▶ Work item:
The expected answer holds every line from the first line of the data below through the line containing "using maximal_independent_subset[of F]", exactly as written, and no other line.

▶ Records for this exercise:
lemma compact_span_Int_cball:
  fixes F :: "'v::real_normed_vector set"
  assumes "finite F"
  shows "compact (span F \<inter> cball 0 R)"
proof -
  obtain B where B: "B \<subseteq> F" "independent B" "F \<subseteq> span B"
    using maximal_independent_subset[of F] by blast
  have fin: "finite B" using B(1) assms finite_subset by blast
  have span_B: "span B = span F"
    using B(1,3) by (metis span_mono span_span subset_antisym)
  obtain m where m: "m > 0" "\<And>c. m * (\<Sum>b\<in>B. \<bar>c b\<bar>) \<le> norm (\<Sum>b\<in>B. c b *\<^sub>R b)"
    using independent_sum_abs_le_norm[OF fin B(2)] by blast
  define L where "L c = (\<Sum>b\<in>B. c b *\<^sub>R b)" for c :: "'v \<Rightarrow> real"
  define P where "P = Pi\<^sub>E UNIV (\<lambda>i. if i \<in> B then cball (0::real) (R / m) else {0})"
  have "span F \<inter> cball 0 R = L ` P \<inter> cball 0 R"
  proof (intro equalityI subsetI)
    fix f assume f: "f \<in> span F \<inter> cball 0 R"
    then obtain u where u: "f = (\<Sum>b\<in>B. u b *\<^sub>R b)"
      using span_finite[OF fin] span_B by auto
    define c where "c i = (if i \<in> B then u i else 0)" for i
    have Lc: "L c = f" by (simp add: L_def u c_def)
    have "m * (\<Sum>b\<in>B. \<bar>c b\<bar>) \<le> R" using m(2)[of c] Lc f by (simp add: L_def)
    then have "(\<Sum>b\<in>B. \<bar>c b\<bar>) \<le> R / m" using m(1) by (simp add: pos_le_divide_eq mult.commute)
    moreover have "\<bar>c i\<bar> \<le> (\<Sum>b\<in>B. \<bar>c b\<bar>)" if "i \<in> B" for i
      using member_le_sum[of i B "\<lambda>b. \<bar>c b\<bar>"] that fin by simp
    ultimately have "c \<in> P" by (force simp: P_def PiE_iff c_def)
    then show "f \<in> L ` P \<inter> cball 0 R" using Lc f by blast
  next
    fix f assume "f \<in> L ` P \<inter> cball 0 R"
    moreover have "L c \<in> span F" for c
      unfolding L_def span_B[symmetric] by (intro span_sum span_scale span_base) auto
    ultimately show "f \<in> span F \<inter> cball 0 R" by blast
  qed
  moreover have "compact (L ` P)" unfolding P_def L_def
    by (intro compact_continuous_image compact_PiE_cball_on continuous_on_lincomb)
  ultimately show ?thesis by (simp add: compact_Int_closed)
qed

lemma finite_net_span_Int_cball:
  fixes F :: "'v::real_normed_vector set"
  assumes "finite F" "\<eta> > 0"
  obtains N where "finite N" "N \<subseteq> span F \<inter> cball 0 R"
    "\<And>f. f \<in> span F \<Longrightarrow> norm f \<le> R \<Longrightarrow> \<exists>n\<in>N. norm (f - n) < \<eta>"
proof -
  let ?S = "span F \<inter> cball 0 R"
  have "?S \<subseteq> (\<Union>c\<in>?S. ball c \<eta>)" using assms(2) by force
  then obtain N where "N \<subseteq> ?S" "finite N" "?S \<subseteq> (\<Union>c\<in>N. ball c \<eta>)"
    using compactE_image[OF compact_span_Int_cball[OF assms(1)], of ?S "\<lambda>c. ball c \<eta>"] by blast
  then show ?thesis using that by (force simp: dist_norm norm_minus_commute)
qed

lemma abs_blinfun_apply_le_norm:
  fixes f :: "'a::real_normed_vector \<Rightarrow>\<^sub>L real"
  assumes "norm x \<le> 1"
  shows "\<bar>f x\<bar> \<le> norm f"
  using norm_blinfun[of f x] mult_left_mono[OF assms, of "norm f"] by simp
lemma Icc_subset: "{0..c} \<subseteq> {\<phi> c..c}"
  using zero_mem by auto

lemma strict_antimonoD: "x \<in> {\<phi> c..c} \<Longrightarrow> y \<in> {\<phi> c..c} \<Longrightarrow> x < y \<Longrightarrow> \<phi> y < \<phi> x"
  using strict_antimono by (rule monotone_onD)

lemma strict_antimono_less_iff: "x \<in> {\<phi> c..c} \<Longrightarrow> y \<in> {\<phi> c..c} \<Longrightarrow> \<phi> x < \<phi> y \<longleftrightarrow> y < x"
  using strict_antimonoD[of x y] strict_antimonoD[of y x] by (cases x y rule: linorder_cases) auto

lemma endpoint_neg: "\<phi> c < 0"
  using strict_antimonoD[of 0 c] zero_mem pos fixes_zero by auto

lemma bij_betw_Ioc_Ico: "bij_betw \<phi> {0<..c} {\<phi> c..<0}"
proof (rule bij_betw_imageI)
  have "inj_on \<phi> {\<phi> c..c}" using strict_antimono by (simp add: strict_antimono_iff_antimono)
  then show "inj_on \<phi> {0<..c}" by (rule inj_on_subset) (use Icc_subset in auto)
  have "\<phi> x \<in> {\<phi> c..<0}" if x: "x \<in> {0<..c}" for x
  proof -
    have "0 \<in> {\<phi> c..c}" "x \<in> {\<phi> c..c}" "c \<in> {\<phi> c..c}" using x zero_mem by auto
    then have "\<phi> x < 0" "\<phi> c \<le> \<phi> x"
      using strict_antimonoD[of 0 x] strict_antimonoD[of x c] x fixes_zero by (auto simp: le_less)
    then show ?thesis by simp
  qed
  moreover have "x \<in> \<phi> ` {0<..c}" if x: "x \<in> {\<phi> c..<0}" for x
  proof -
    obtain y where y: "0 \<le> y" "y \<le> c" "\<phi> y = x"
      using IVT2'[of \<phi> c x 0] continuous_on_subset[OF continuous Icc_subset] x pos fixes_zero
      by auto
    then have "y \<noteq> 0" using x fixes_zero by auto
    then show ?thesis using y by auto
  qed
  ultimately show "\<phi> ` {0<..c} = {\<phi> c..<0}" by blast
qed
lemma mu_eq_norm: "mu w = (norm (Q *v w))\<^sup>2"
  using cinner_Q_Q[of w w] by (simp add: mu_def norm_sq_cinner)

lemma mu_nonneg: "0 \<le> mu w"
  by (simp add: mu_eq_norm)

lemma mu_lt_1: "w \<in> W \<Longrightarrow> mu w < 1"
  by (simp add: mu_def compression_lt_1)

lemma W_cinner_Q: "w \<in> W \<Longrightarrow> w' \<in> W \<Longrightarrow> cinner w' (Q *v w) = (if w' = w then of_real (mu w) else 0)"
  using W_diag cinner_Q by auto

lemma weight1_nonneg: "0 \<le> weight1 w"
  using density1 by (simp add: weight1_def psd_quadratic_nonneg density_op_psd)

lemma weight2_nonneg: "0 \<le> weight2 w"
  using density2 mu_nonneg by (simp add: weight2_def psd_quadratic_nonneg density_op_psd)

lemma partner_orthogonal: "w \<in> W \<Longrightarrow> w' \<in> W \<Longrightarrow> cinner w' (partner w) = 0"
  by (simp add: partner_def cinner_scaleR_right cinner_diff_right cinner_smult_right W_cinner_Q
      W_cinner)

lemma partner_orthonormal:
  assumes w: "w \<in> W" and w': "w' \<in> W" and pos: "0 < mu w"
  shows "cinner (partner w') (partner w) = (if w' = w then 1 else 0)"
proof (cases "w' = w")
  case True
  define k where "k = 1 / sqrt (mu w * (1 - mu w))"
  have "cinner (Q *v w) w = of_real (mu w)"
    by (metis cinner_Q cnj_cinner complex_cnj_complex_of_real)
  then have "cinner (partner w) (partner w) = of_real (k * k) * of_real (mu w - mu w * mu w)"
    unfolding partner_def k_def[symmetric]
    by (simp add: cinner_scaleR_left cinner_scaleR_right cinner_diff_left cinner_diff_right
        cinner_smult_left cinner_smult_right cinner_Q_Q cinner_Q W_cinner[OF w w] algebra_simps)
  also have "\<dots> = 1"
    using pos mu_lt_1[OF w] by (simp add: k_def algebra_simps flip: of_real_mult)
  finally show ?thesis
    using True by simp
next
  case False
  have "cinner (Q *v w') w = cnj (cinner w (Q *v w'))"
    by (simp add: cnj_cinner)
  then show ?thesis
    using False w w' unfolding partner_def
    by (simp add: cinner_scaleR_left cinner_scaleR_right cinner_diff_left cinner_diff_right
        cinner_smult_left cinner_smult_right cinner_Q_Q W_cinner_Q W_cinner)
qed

▶ Answer to this problem:
lemma compact_span_Int_cball:
  fixes F :: "'v::real_normed_vector set"
  assumes "finite F"
  shows "compact (span F \<inter> cball 0 R)"
proof -
  obtain B where B: "B \<subseteq> F" "independent B" "F \<subseteq> span B"
    using maximal_independent_subset[of F] by blast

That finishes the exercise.